» **What to produce**: Each line of the records below that holds "linarith" should be returned.
________________
(* Let $\alpha\in\mathbb{R}\setminus\mathbb{Q}$ with continued fraction approximants $\frac{p_m}{q_m}$. There is a subsequence $(\frac{p_{m_l}}{q_{m_l}})_{l}$ such that for every analytic function $f$ on $\mathbb{T}$ with $\int_{\mathbb{T}}f(\theta)\,d\theta=0$, $$\lim_{l\to\infty}\big(f(x)+f(x+\alpha)+\cdots+f(x+(q_{m_l}-1)\alpha)\big)=0$$ uniformly in $x\in\mathbb{T}$.
   Context: $\mathbb{T}=\mathbb{R}/\mathbb{Z}$; "analytic on $\mathbb{T}$" means real analytic, i.e. extending holomorphically to a strip $|\mathrm{Im}\,\theta|\le\delta_0$ for some $\delta_0>0$. The subsequence depends only on $\alpha$, not on $f$. *)

theory Defs
  imports "HOL-Complex_Analysis.Complex_Analysis"
begin

fun cf_rem :: "real \<Rightarrow> nat \<Rightarrow> real" where
  "cf_rem x 0 = x"
| "cf_rem x (Suc n) = 1 / frac (cf_rem x n)"

definition cf_digit :: "real \<Rightarrow> nat \<Rightarrow> int" where
  "cf_digit x n = \<lfloor>cf_rem x n\<rfloor>"

text \<open>Numerators p_n and denominators q_n of the convergents p_n / q_n
  (standard recurrences with p_(-1) = 1, q_(-1) = 0, p_(-2) = 0, q_(-2) = 1).\<close>
fun cf_p :: "real \<Rightarrow> nat \<Rightarrow> int" where
  "cf_p x 0 = cf_digit x 0"
| "cf_p x (Suc 0) = cf_digit x 1 * cf_digit x 0 + 1"
| "cf_p x (Suc (Suc n)) = cf_digit x (Suc (Suc n)) * cf_p x (Suc n) + cf_p x n"

fun cf_q :: "real \<Rightarrow> nat \<Rightarrow> int" where
  "cf_q x 0 = 1"
| "cf_q x (Suc 0) = cf_digit x 1"
| "cf_q x (Suc (Suc n)) = cf_digit x (Suc (Suc n)) * cf_q x (Suc n) + cf_q x n"

text \<open>A (complex-valued) real-analytic function on the circle T = R/Z, viewed as a 1-periodic
  function on R that extends holomorphically to a strip |Im z| < delta.\<close>
definition analytic_on_circle :: "(real \<Rightarrow> complex) \<Rightarrow> bool" where
  "analytic_on_circle f \<longleftrightarrow>
     (\<forall>x. f (x + 1) = f x) \<and>
     (\<exists>\<delta>>0. \<exists>F. F holomorphic_on {z. \<bar>Im z\<bar> < \<delta>} \<and> (\<forall>x. F (complex_of_real x) = f x))"

end

theory Submission
  imports Defs
begin

text \<open>The subsequence can be taken to be the whole sequence of convergents: along the
  denominators \<open>q\<^sub>n\<close>, the Birkhoff sums of every \<open>C\<^sup>1\<close> function of mean zero on
  the circle tend to zero uniformly. Given \<open>\<epsilon> > 0\<close>, approximate \<open>f'\<close> by a
  trigonometric polynomial and integrate, so that \<open>f = h + P\<close> with \<open>P\<close> a
  trigonometric polynomial without constant term and \<open>h\<close> an \<open>\<epsilon>\<close>-Lipschitz
  function with a periodic primitive.

  For a character \<open>e\<^sub>n\<close> with \<open>n \<noteq> 0\<close> the geometric sum gives
  \<open>|\<Sum>k<q. e\<^sub>n (x + k \<alpha>)| \<le> C\<^sub>n |q \<alpha> - p|\<close>, which is \<open>O(1 / q\<^sub>n)\<close>
  at a convergent. For \<open>h\<close> there is a Denjoy-Koksma bound: as
  \<open>|q\<^sub>n \<alpha> - p\<^sub>n| \<le> 1 / q\<^sub>n\<close>, moving the points \<open>x + k \<alpha>\<close> to
  \<open>x + k p\<^sub>n / q\<^sub>n\<close> costs at most \<open>\<epsilon>\<close> in total; since \<open>p\<^sub>n\<close> and
  \<open>q\<^sub>n\<close> are coprime these are the points \<open>x + j / q\<^sub>n\<close> in another order, and a
  Riemann sum of a mean-zero \<open>\<epsilon>\<close>-Lipschitz function over \<open>q\<close> equally spaced
  points is at most \<open>\<epsilon>\<close>.\<close>

section \<open>Continued fractions\<close>

lemma cf_rem_notin_Rats:
  assumes "x \<notin> \<rat>"
  shows "cf_rem x n \<notin> \<rat>"
proof (induction n)
  case 0
  then show ?case using assms by simp
next
  case (Suc n)
  have "frac (cf_rem x n) \<notin> \<rat>"
  proof
    assume "frac (cf_rem x n) \<in> \<rat>"
    then have "frac (cf_rem x n) + of_int \<lfloor>cf_rem x n\<rfloor> \<in> \<rat>" by (intro Rats_add) auto
    with Suc show False by (simp add: frac_def)
  qed
  then show ?case by (metis Rats_inverse inverse_eq_divide cf_rem.simps(2) inverse_inverse_eq)
qed

lemma frac_cf_rem_pos: "x \<notin> \<rat> \<Longrightarrow> frac (cf_rem x n) > 0"
  using cf_rem_notin_Rats[of x n] Ints_subset_Rats frac_ge_0 frac_eq_0_iff
  by (metis order_le_less subsetD)

lemma cf_rem_Suc_gt_1: "x \<notin> \<rat> \<Longrightarrow> cf_rem x (Suc n) > 1"
  using frac_cf_rem_pos[of x n] frac_lt_1[of "cf_rem x n"] by simp

lemma cf_digit_Suc_ge_1: "x \<notin> \<rat> \<Longrightarrow> cf_digit x (Suc n) \<ge> 1"
  using cf_rem_Suc_gt_1[of x n] unfolding cf_digit_def by linarith

lemma cf_rem_eq_digit_plus:
  "x \<notin> \<rat> \<Longrightarrow> cf_rem x n = of_int (cf_digit x n) + 1 / cf_rem x (Suc n)"
  using frac_cf_rem_pos[of x n] by (simp add: cf_digit_def frac_def)

fun cf_p_prev :: "real \<Rightarrow> nat \<Rightarrow> int" where
  "cf_p_prev x 0 = 1"
| "cf_p_prev x (Suc n) = cf_p x n"

fun cf_q_prev :: "real \<Rightarrow> nat \<Rightarrow> int" where
  "cf_q_prev x 0 = 0"
| "cf_q_prev x (Suc n) = cf_q x n"

lemma cf_p_Suc: "cf_p x (Suc n) = cf_digit x (Suc n) * cf_p x n + cf_p_prev x n"
  by (cases n) auto

lemma cf_q_Suc: "cf_q x (Suc n) = cf_digit x (Suc n) * cf_q x n + cf_q_prev x n"
  by (cases n) auto

lemma cf_q_bounds:
  assumes "x \<notin> \<rat>"
  shows "1 \<le> cf_q x n \<and> 0 \<le> cf_q_prev x n \<and> cf_q_prev x n \<le> cf_q x n"
proof (induction n)
  case 0
  then show ?case by simp
next
  case (Suc n)
  have "cf_q x n \<le> cf_digit x (Suc n) * cf_q x n"
    using cf_digit_Suc_ge_1[OF assms] Suc.IH by (simp add: mult_le_cancel_right1)
  with Suc.IH show ?case unfolding cf_q_Suc cf_q_prev.simps by linarith
qed

lemma cf_q_ge_1: "x \<notin> \<rat> \<Longrightarrow> cf_q x n \<ge> 1"
  using cf_q_bounds by blast
(* Let $\mathcal{X}$ be a finite set, $\pi$ a probability distribution on $\mathcal{X}$ with $\pi(x)>0$ for all $x$, $p>1$, $\alpha>0$, and $\mathcal{N}$ a symmetric neighborhood mapping on $\mathcal{X}$ (with $x\notin\mathcal{N}(x)$) such that $\max_{x}|\mathcal{N}(x)|\le p^\alpha$. Suppose there exist $x^*\in\mathcal{X}$, an operator $\mathsf{T}\colon\mathcal{X}\to\mathcal{X}$ and a constant $\nu>\alpha$ such that $\mathsf{T}(x^* )=x^*$ and for every $x\neq x^*$, $\mathsf{T}(x)\in\mathcal{N}(x)$ and $\pi(\mathsf{T}(x))\ge p^\nu\pi(x)$ (Assumption 1). Then for any transition matrix $P$ on $\mathcal{X}$ that is irreducible and reversible with respect to $\pi$, $$\mathrm{Gap}(P)\ge\kappa(p,\alpha,\nu)\min_{x\neq x^*}P(x,\mathsf{T}(x)),\qquad \kappa(p,\alpha,\nu)=\tfrac12\{1-p^{-(\nu-\alpha)/2}\}^3,$$ and for any transition rate matrix $Q$ on $\mathcal{X}$ that is irreducible and reversible with respect to $\pi$, $\mathrm{Gap}(Q)\ge\kappa(p,\alpha,\nu)\min_{x\neq x^*}Q(x,\mathsf{T}(x))$.
   Context: For an irreducible reversible transition matrix $P$ with eigenvalues $1=\lambda_1(P)>\lambda_2(P)\ge\cdots$, $\mathrm{Gap}(P)=1-\lambda_2(P)$. For an irreducible reversible transition rate matrix $Q$ with eigenvalues $0=\lambda_1(Q)>\lambda_2(Q)\ge\cdots$, $\mathrm{Gap}(Q)=-\lambda_2(Q)$. *)

theory Defs
  imports "HOL-Analysis.Analysis" "HOL-Computational_Algebra.Polynomial"
begin


definition charpoly :: "('x::finite \<Rightarrow> 'x \<Rightarrow> real) \<Rightarrow> real poly" where
  "charpoly M = det (\<chi> i j. (if i = j then [:0, 1:] else 0) - [:M i j:])"

text \<open>Real eigenvalues (with algebraic multiplicity), in non-increasing order:
  lambda_1 \<ge> lambda_2 \<ge> ... .  For reversible matrices all eigenvalues are real.\<close>
definition eigenvalues_desc :: "('x::finite \<Rightarrow> 'x \<Rightarrow> real) \<Rightarrow> real list" where
  "eigenvalues_desc M = rev (sorted_list_of_multiset (proots (charpoly M)))"

definition lambda2 :: "('x::finite \<Rightarrow> 'x \<Rightarrow> real) \<Rightarrow> real" where
  "lambda2 M = eigenvalues_desc M ! 1"

definition Gap_P :: "('x::finite \<Rightarrow> 'x \<Rightarrow> real) \<Rightarrow> real" where
  "Gap_P P = 1 - lambda2 P"

definition Gap_Q :: "('x::finite \<Rightarrow> 'x \<Rightarrow> real) \<Rightarrow> real" where
  "Gap_Q Q = - lambda2 Q"

definition prob_dist :: "('x::finite \<Rightarrow> real) \<Rightarrow> bool" where
  "prob_dist \<pi> \<longleftrightarrow> (\<forall>x. \<pi> x \<ge> 0) \<and> (\<Sum>x\<in>UNIV. \<pi> x) = 1"

definition transition_matrix :: "('x::finite \<Rightarrow> 'x \<Rightarrow> real) \<Rightarrow> bool" where
  "transition_matrix P \<longleftrightarrow> (\<forall>x y. P x y \<ge> 0) \<and> (\<forall>x. (\<Sum>y\<in>UNIV. P x y) = 1)"

definition rate_matrix :: "('x::finite \<Rightarrow> 'x \<Rightarrow> real) \<Rightarrow> bool" where
  "rate_matrix Q \<longleftrightarrow> (\<forall>x y. x \<noteq> y \<longrightarrow> Q x y \<ge> 0) \<and> (\<forall>x. (\<Sum>y\<in>UNIV. Q x y) = 0)"

definition irreducible_mat :: "('x \<Rightarrow> 'x \<Rightarrow> real) \<Rightarrow> bool" where
  "irreducible_mat M \<longleftrightarrow> (\<forall>x y. (x, y) \<in> {(a, b). a \<noteq> b \<and> M a b > 0}\<^sup>*)"

definition reversible_wrt :: "('x \<Rightarrow> real) \<Rightarrow> ('x \<Rightarrow> 'x \<Rightarrow> real) \<Rightarrow> bool" where
  "reversible_wrt \<pi> M \<longleftrightarrow> (\<forall>x y. \<pi> x * M x y = \<pi> y * M y x)"
(* Let $k$ be a commutative ring, $H$ a Hopf algebra over $k$ with bijective antipode $S$ (inverse $\overline{S}$), and $A$ a right $H$-comodule algebra. Then there is an isomorphism of categories $\gamma:\ \mathcal{C}'_A\to\mathcal{C}_A$ which is the identity on objects and is given on morphisms by $\gamma(f')=f'\circ S$; in particular $f'\circ S\in\mathcal{C}_A(\mathbf{i},\mathbf{j})$ for every $f'\in\mathcal{C}'_A(\mathbf{i},\mathbf{j})$, $\gamma(g'\star f')=\gamma(g')*\gamma(f')$, and the inverse functor is $f\mapsto f\circ\overline{S}$.
   Context: Sweedler notation: $\Delta(h)=h_{(1)}\otimes h_{(2)}$, and for a right $H$-comodule, $\rho(a)=a_{[0]}\otimes a_{[1]}$. A right $H$-comodule algebra is an algebra $A$ with a right $H$-coaction $\rho$ that is an algebra map. Let $B=A^{\mathrm{co}H}=\{a\in A:\rho(a)=a\otimes 1\}$. The category $\mathcal{C}_A$ has two objects $\mathbf{1},\mathbf{2}$; writing $\mathcal{C}_A(\mathbf{i},\mathbf{j})$ for the morphisms from $\mathbf{i}$ to $\mathbf{j}$, all of them sets of $k$-linear maps $H\to A$: $\mathcal{C}_A(\mathbf{1},\mathbf{1})=\{v:\rho(v(h))=v(h)\otimes 1\}=\mathrm{Hom}(H,B)$; $\mathcal{C}_A(\mathbf{2},\mathbf{1})=\{t:\rho(t(h))=t(h_{(1)})\otimes h_{(2)}\}=\mathrm{Hom}^H(H,A)$; $\mathcal{C}_A(\mathbf{1},\mathbf{2})=\{u:\rho(u(h))=u(h_{(2)})\otimes S(h_{(1)})\}$; $\mathcal{C}_A(\mathbf{2},\mathbf{2})=\{w:\rho(w(h))=w(h_{(2)})\otimes S(h_{(1)})h_{(3)}\}$ (all conditions for all $h\in H$). Composition of $f:\mathbf{i}\to\mathbf{j}$ and $g:\mathbf{j}\to\mathbf{k}$ is the convolution $g*f$, $(g*f)(h)=g(h_{(1)})f(h_{(2)})$; identities are $h\mapsto\varepsilon(h)1_A$. The category $\mathcal{C}'_A$ has objects $\mathbf{1},\mathbf{2}$ and morphism sets of $k$-linear maps $H\to A$: $\mathcal{C}'_A(\mathbf{1},\mathbf{1})=\mathrm{Hom}(H,B)$; $\mathcal{C}'_A(\mathbf{1},\mathbf{2})=\{t':\rho(t'(h))=t'(h_{(1)})\otimes h_{(2)}\}=\mathrm{Hom}^H(H,A)$; $\mathcal{C}'_A(\mathbf{2},\mathbf{1})=\{u':\rho(u'(h))=u'(h_{(2)})\otimes \overline{S}(h_{(1)})\}$; $\mathcal{C}'_A(\mathbf{2},\mathbf{2})=\{w':\rho(w'(h))=w'(h_{(2)})\otimes h_{(3)}\overline{S}(h_{(1)})\}$; composition of $f':\mathbf{i}\to\mathbf{j}$ and $g':\mathbf{j}\to\mathbf{k}$ is $g'\star f'$, $(g'\star f')(h)=g'(h_{(2)})f'(h_{(1)})$. *)

theory Defs
  imports Complex_Main "HOL-Library.Function_Algebras"
begin

text \<open>An element of a tensor product M1 (x) ... (x) Mn over the commutative ring k is
represented by a finite list of elementary tensors (scalars are absorbed into the
first factor).  Two such lists denote the same tensor iff the difference of the
associated elements of the free k-module on M1 x ... x Mn lies in the k-span of the
standard (multi)linearity relations.\<close>

definition fscale :: "'k::comm_ring_1 \<Rightarrow> ('x \<Rightarrow> 'k) \<Rightarrow> ('x \<Rightarrow> 'k)" where
  "fscale c f = (\<lambda>q. c * f q)"

definition dlt :: "'x \<Rightarrow> ('x \<Rightarrow> 'k::comm_ring_1)" where
  "dlt p = (\<lambda>q. if q = p then 1 else 0)"

definition fs :: "'x list \<Rightarrow> ('x \<Rightarrow> 'k::comm_ring_1)" where
  "fs xs = (\<lambda>q. of_nat (count_list xs q))"

definition gen2 :: "('k::comm_ring_1 \<Rightarrow> 'm::ab_group_add \<Rightarrow> 'm) \<Rightarrow>
    ('k \<Rightarrow> 'n::ab_group_add \<Rightarrow> 'n) \<Rightarrow> (('m \<times> 'n) \<Rightarrow> 'k) set" where
  "gen2 sM sN =
     {dlt (m + m', n) - dlt (m, n) - dlt (m', n) | m m' n. True} \<union>
     {dlt (m, n + n') - dlt (m, n) - dlt (m, n') | m n n'. True} \<union>
     {dlt (sM c m, n) - fscale c (dlt (m, n)) | c m n. True} \<union>
     {dlt (m, sN c n) - fscale c (dlt (m, n)) | c m n. True}"

definition teq2 :: "('k::comm_ring_1 \<Rightarrow> 'm::ab_group_add \<Rightarrow> 'm) \<Rightarrow>
    ('k \<Rightarrow> 'n::ab_group_add \<Rightarrow> 'n) \<Rightarrow> ('m \<times> 'n) list \<Rightarrow> ('m \<times> 'n) list \<Rightarrow> bool" where
  "teq2 sM sN xs ys \<longleftrightarrow>
     (fs xs - fs ys :: ('m \<times> 'n) \<Rightarrow> 'k) \<in> module.span fscale (gen2 sM sN)"

definition gen3 :: "('k::comm_ring_1 \<Rightarrow> 'm::ab_group_add \<Rightarrow> 'm) \<Rightarrow>
    ('k \<Rightarrow> 'n::ab_group_add \<Rightarrow> 'n) \<Rightarrow> ('k \<Rightarrow> 'p::ab_group_add \<Rightarrow> 'p) \<Rightarrow>
    (('m \<times> 'n \<times> 'p) \<Rightarrow> 'k) set" where
  "gen3 sM sN sP =
     {dlt (m + m', n, p) - dlt (m, n, p) - dlt (m', n, p) | m m' n p. True} \<union>
     {dlt (m, n + n', p) - dlt (m, n, p) - dlt (m, n', p) | m n n' p. True} \<union>
     {dlt (m, n, p + p') - dlt (m, n, p) - dlt (m, n, p') | m n p p'. True} \<union>
     {dlt (sM c m, n, p) - fscale c (dlt (m, n, p)) | c m n p. True} \<union>
     {dlt (m, sN c n, p) - fscale c (dlt (m, n, p)) | c m n p. True} \<union>
     {dlt (m, n, sP c p) - fscale c (dlt (m, n, p)) | c m n p. True}"

definition teq3 :: "('k::comm_ring_1 \<Rightarrow> 'm::ab_group_add \<Rightarrow> 'm) \<Rightarrow>
    ('k \<Rightarrow> 'n::ab_group_add \<Rightarrow> 'n) \<Rightarrow> ('k \<Rightarrow> 'p::ab_group_add \<Rightarrow> 'p) \<Rightarrow>
    ('m \<times> 'n \<times> 'p) list \<Rightarrow> ('m \<times> 'n \<times> 'p) list \<Rightarrow> bool" where
  "teq3 sM sN sP xs ys \<longleftrightarrow>
     (fs xs - fs ys :: ('m \<times> 'n \<times> 'p) \<Rightarrow> 'k) \<in> module.span fscale (gen3 sM sN sP)"

definition kalg :: "('k::comm_ring_1 \<Rightarrow> 'r::ring_1 \<Rightarrow> 'r) \<Rightarrow> bool" where
  "kalg sc \<longleftrightarrow> module sc \<and> (\<forall>c x y. sc c (x * y) = sc c x * y \<and> sc c (x * y) = x * sc c y)"

definition cop2 :: "('h \<Rightarrow> ('h \<times> 'h) list) \<Rightarrow> 'h \<Rightarrow> ('h \<times> 'h \<times> 'h) list" where
  "cop2 \<Delta> h = concat (map (\<lambda>(a, b). map (\<lambda>(a1, a2). (a1, a2, b)) (\<Delta> a)) (\<Delta> h))"
(* If $\mathcal A(K_n,K_c)\ne0$ and $-1\notin\mathcal A(K_n,K_c)^+$, then $n\le c$.
   Context: $K_c$ is the complete graph on $c$ vertices. With $|I|=n$, $|O|=c$ ($O=\{0,\dots,c-1\}$), let $\mathbb F(n,c)$ be the free product of $n$ copies of the cyclic group of order $c$ with generators $u_v$, $\mathbb C[\mathbb F(n,c)]$ its group $*$-algebra, $\omega=e^{2\pi i/c}$, $e_{v,a}=\frac1c\sum_{k=0}^{c-1}(\omega^{-a}u_v)^k$. $\mathcal I(K_n,K_c)$ is the two-sided $*$-ideal generated by $e_{v,a}e_{v,b}$ ($a\ne b$) and $e_{v,a}e_{w,a}$ ($v\ne w$), and $\mathcal A(K_n,K_c)=\mathbb C[\mathbb F(n,c)]/\mathcal I(K_n,K_c)$. Let $\mathcal P$ be the cone of finite sums of elements $f^*f$, and $\mathcal A(K_n,K_c)^+=\{p+\mathcal I(K_n,K_c):p\in\mathcal P\}$. *)

theory Defs
  imports Complex_Main
begin

text \<open>Elements of F(n,c) are represented by reduced words: lists of letters (v,k),
  meaning u_v^k, with v < n (v in I = {0..<n}), 0 < k < c, and no two adjacent letters
  with the same v.\<close>

type_synonym word = "(nat \<times> nat) list"

definition reduced :: "nat \<Rightarrow> nat \<Rightarrow> word \<Rightarrow> bool" where
  "reduced n c w \<longleftrightarrow> (\<forall>(v,k)\<in>set w. v < n \<and> 0 < k \<and> k < c) \<and>
     (\<forall>i. Suc i < length w \<longrightarrow> fst (w ! i) \<noteq> fst (w ! Suc i))"

definition push :: "nat \<Rightarrow> nat \<times> nat \<Rightarrow> word \<Rightarrow> word" where
  "push c vk w = (let v = fst vk; k0 = snd vk mod c in
     if k0 = 0 then w else
     (case w of [] \<Rightarrow> [(v, k0)]
      | (v', k') # rest \<Rightarrow>
          if v' = v then (let s = (k0 + k') mod c in if s = 0 then rest else (v, s) # rest)
          else (v, k0) # w))"

definition mulw :: "nat \<Rightarrow> word \<Rightarrow> word \<Rightarrow> word" where
  "mulw c x y = foldr (push c) x y"

definition invw :: "nat \<Rightarrow> word \<Rightarrow> word" where
  "invw c w = rev (map (\<lambda>(v,k). (v, c - k)) w)"

type_synonym elem = "word \<Rightarrow> complex"

definition GA :: "nat \<Rightarrow> nat \<Rightarrow> elem set" where
  "GA n c = {f. finite {w. f w \<noteq> 0} \<and> (\<forall>w. f w \<noteq> 0 \<longrightarrow> reduced n c w)}"

definition zero_el :: elem where "zero_el = (\<lambda>w. 0)"
definition one_el :: elem where "one_el = (\<lambda>w. if w = [] then 1 else 0)"
definition add_el :: "elem \<Rightarrow> elem \<Rightarrow> elem" where "add_el f g = (\<lambda>w. f w + g w)"
definition neg_el :: "elem \<Rightarrow> elem" where "neg_el f = (\<lambda>w. - f w)"
definition smul_el :: "complex \<Rightarrow> elem \<Rightarrow> elem" where "smul_el a f = (\<lambda>w. a * f w)"

definition conv :: "nat \<Rightarrow> elem \<Rightarrow> elem \<Rightarrow> elem" where
  "conv c f g = (\<lambda>w. \<Sum>(x,y)\<in>{(x,y). f x \<noteq> 0 \<and> g y \<noteq> 0 \<and> mulw c x y = w}. f x * g y)"

definition star :: "nat \<Rightarrow> elem \<Rightarrow> elem" where
  "star c f = (\<lambda>w. cnj (f (invw c w)))"

definition upow :: "nat \<Rightarrow> nat \<Rightarrow> nat \<Rightarrow> elem" where
  "upow c v k = (\<lambda>w. if w = push c (v, k) [] then 1 else 0)"

definition omega :: "nat \<Rightarrow> complex" where
  "omega c = exp (2 * of_real pi * \<i> / of_nat c)"

definition eproj :: "nat \<Rightarrow> nat \<Rightarrow> nat \<Rightarrow> elem" where
  "eproj c v a = (\<lambda>w. (1 / of_nat c) * (\<Sum>k<c. (inverse (omega c)) ^ (a * k) * upow c v k w))"

definition gens :: "nat \<Rightarrow> nat \<Rightarrow> elem set" where
  "gens n c =
     {conv c (eproj c v a) (eproj c v b) | v a b. v < n \<and> a < c \<and> b < c \<and> a \<noteq> b} \<union>
     {conv c (eproj c v a) (eproj c w a) | v w a. v < n \<and> w < n \<and> v \<noteq> w \<and> a < c}"

definition is_star_ideal :: "nat \<Rightarrow> nat \<Rightarrow> elem set \<Rightarrow> bool" where
  "is_star_ideal n c J \<longleftrightarrow> J \<subseteq> GA n c \<and> zero_el \<in> J \<and>
     (\<forall>x\<in>J. \<forall>y\<in>J. add_el x y \<in> J) \<and>
     (\<forall>x\<in>J. \<forall>a. smul_el a x \<in> J) \<and>
     (\<forall>x\<in>J. \<forall>y\<in>GA n c. conv c x y \<in> J \<and> conv c y x \<in> J) \<and>
     (\<forall>x\<in>J. star c x \<in> J)"

definition Ideal :: "nat \<Rightarrow> nat \<Rightarrow> elem set" where
  "Ideal n c = \<Inter>{J. is_star_ideal n c J \<and> gens n c \<subseteq> J}"

text \<open>Class of x in the quotient A(K_n,K_c) = C[F(n,c)] / I(K_n,K_c).\<close>
definition qclass :: "nat \<Rightarrow> nat \<Rightarrow> elem \<Rightarrow> elem set" where
  "qclass n c x = {y \<in> GA n c. add_el y (neg_el x) \<in> Ideal n c}"

inductive_set Pcone :: "nat \<Rightarrow> nat \<Rightarrow> elem set" for n c where
  Pzero: "zero_el \<in> Pcone n c"
| Padd: "p \<in> Pcone n c \<Longrightarrow> f \<in> GA n c \<Longrightarrow> add_el p (conv c (star c f) f) \<in> Pcone n c"

definition Aplus :: "nat \<Rightarrow> nat \<Rightarrow> elem set set" where
  "Aplus n c = qclass n c ` Pcone n c"

definition A_nonzero :: "nat \<Rightarrow> nat \<Rightarrow> bool" where
  "A_nonzero n c \<longleftrightarrow> (\<exists>x\<in>GA n c. qclass n c x \<noteq> qclass n c zero_el)"

end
________________
» **Completed exercise**:
  using cf_rem_Suc_gt_1[of x n] unfolding cf_digit_def by linarith
  with Suc.IH show ?case unfolding cf_q_Suc cf_q_prev.simps by linarith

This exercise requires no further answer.